Атланта. Глава 3. 6
Не до конца отдавая себе отчет о последствиях своей затеи, и заглушая последние проблески совести, он действовал с такой расчетливостью в своем желании насолить бывшему врагу, что подобное нельзя было встретить даже у умудренных опытом людей.
Будучи занят переговорами со «спонсорами», Олег Викторович не особо вчитывался в текст документа, который ему следовало подписать, после чего придержав некоторое время подписанные бумаги при себе, (дабы «светило», получив приказ о незамедлительной отправке на передовую с санитарным отрядом, не бросился выяснять отношения с начальством), Глеб дождался отъезда отца в Ричмонд, а когда пришло время приступить к реализации второй части плана, показал документы Ковалец.
Придя в некоторое замешательство насчет срочности такого «приказа», оспаривать решение начальства женщина не стала. И хотя сама идея отправить на передовую такого хирурга как Гордеев, когда он был нужен здесь, в госпитале, показалась ей странноватой, вызвав к себе в тот день «светилу», она все была вынуждена поставить его в известность относительно недавней просьбы Лобова.
Словом, одной подписи на поддельном документе хватило с головой, чтобы повернуть судьбу знаменитого хирурга в иное русло. И когда «светило» понял, куда хотят забросить его с санитарным отрядом, к нему пришло убеждение, что подписывая приказ подобного содержания, начальство пребывало в состоянии алкогольного опьянения. Тем не менее обсудить нюансы данного вопроса ему было не с кем.
Застать Олега Викторовича на месте не получилось, (как и рассчитал его сын), поэтому так и не получив возможности оспорить его решение, выглядевшее несколько подозрительным, мужчина был вынужден покориться воле начальства, и ничего не подозревая об истинном положении дела, незамедлительно приступить к сборам на фронт.
А когда новость об отъезде Гордеева в Виргинию дошли наконец до слуха главного зачинщика данного заговора, торжественно-ликующее выражение не сходило с лица Глеба на протяжении всего дня, вызывая смутные подозрения у Чеховой.
Да, судьбе «светилы» уже не позавидуешь, но что произойдет с ним в дальнейшем, его уже мало интересовало.
Просчитывая все ходы своей затеи наперед, он только сейчас обнаружил, каким изворотливым и находчивым может оказаться человеческий ум, если надо было проявить свою волю.
Почувствовав себя опасным и удивительно ловким, Глеб попытался возненавидеть себя за подобные мысли, но все было тщетно.

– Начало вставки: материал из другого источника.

lemma integrable_card_pow_if_tuple_independent:
  assumes pdb: "is_pdb S ar P" and ti: "tuple_independent S ar P"
  shows "integrable (measure_pmf P) (\<lambda>D. real (card D) ^ j)"
proof -
  obtain B where B: "\<And>F. finite F \<Longrightarrow> F \<subseteq> facts S ar \<Longrightarrow> (\<Sum>f\<in>F. fact_prob P f) \<le> B"
    using sum_fact_prob_bounded[OF pdb ti] by blast
  have "(\<Sum>D\<in>G. real (card D) ^ j * pmf P D) \<le> (real j + max B 0) ^ j"
    if G: "G \<subseteq> set_pmf P" "finite G" for G
  proof -
    define F where "F = \<Union>G"
    have "finite F" "F \<subseteq> facts S ar"
      using G pdb by (auto simp: F_def is_pdb_def is_instance_def)
    have "(\<Sum>D\<in>G. real (card D) ^ j * pmf P D)
        = (\<integral>D. real (card D) ^ j * indicator G D \<partial>measure_pmf P)"
      using G(2) by (subst integral_measure_pmf[of G]) (auto simp: indicator_def mult.commute)
    also have "\<dots> \<le> count_moment P {} F j"
      unfolding count_moment_def
    proof (rule integral_mono)
      have "norm (real (card D) ^ j * indicator G D) \<le> (\<Sum>E\<in>G. real (card E) ^ j)" for D
        using G(2) member_le_sum[of D G "\<lambda>E. real (card E) ^ j"]
        by (cases "D \<in> G") (auto simp: sum_nonneg)
      then show "integrable (measure_pmf P) (\<lambda>D. real (card D) ^ j * indicator G D)"
        by (intro measure_pmf.integrable_const_bound AE_I2) auto
      show "real (card D) ^ j * indicator G D \<le> of_bool ({} \<subseteq> D) * real (card (D \<inter> F)) ^ j" for D
        by (cases "D \<in> G") (auto simp: F_def Int_absorb2 Union_upper)
    qed (rule integrable_count_moment[OF \<open>finite F\<close>])
    also have "\<dots> \<le> (real j + (\<Sum>f\<in>F. fact_prob P f)) ^ j"
      using count_moment_le[OF ti \<open>finite F\<close> \<open>F \<subseteq> facts S ar\<close>, of "{}" j] by simp
    also have "\<dots> \<le> (real j + max B 0) ^ j"
      using B[OF \<open>finite F\<close> \<open>F \<subseteq> facts S ar\<close>]
      by (intro power_mono) (auto simp: sum_nonneg fact_prob_nonneg)
    finally show ?thesis .
  qed
  then have "(\<lambda>D. real (card D) ^ j * pmf P D) summable_on set_pmf P"
    by (intro nonneg_bdd_above_summable_on bdd_aboveI2) auto
  then show ?thesis
    by (simp add: summable_on_pmf_iff_integrable)
qed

Во время посещения Латухина в его голове парня начала формироваться мысль о побеге на Запад, и не куда-нибудь, а в мятежный и живущий какой-то своей автономной жизнью Техас. Но поскольку проделать подобную операцию в одиночку было практически невозможно, он решил поделиться своей мыслью со Смертиным.
За это время ему до такой степени осточертел старый госпиталь, что Глеб был готов бежать куда угодно, лишь бы не видеть ни этих раненых, ни помыкавший всеми старший персонал.
— Юг скоро падет, поэтому нам здесь оставаться нет смысла, — подбивал он доверчивого приятеля на побег, заранее убежденный, что такой план ему понравиться.
— Пожалуй, ты прав, — не мог не согласиться с его доводами Толик, позволяя другим распоряжаться своей судьбой. — Но как же твои родные? Ты их предупредил о своем отъезде? Они хотя бы в курсе твоего безумного замысла?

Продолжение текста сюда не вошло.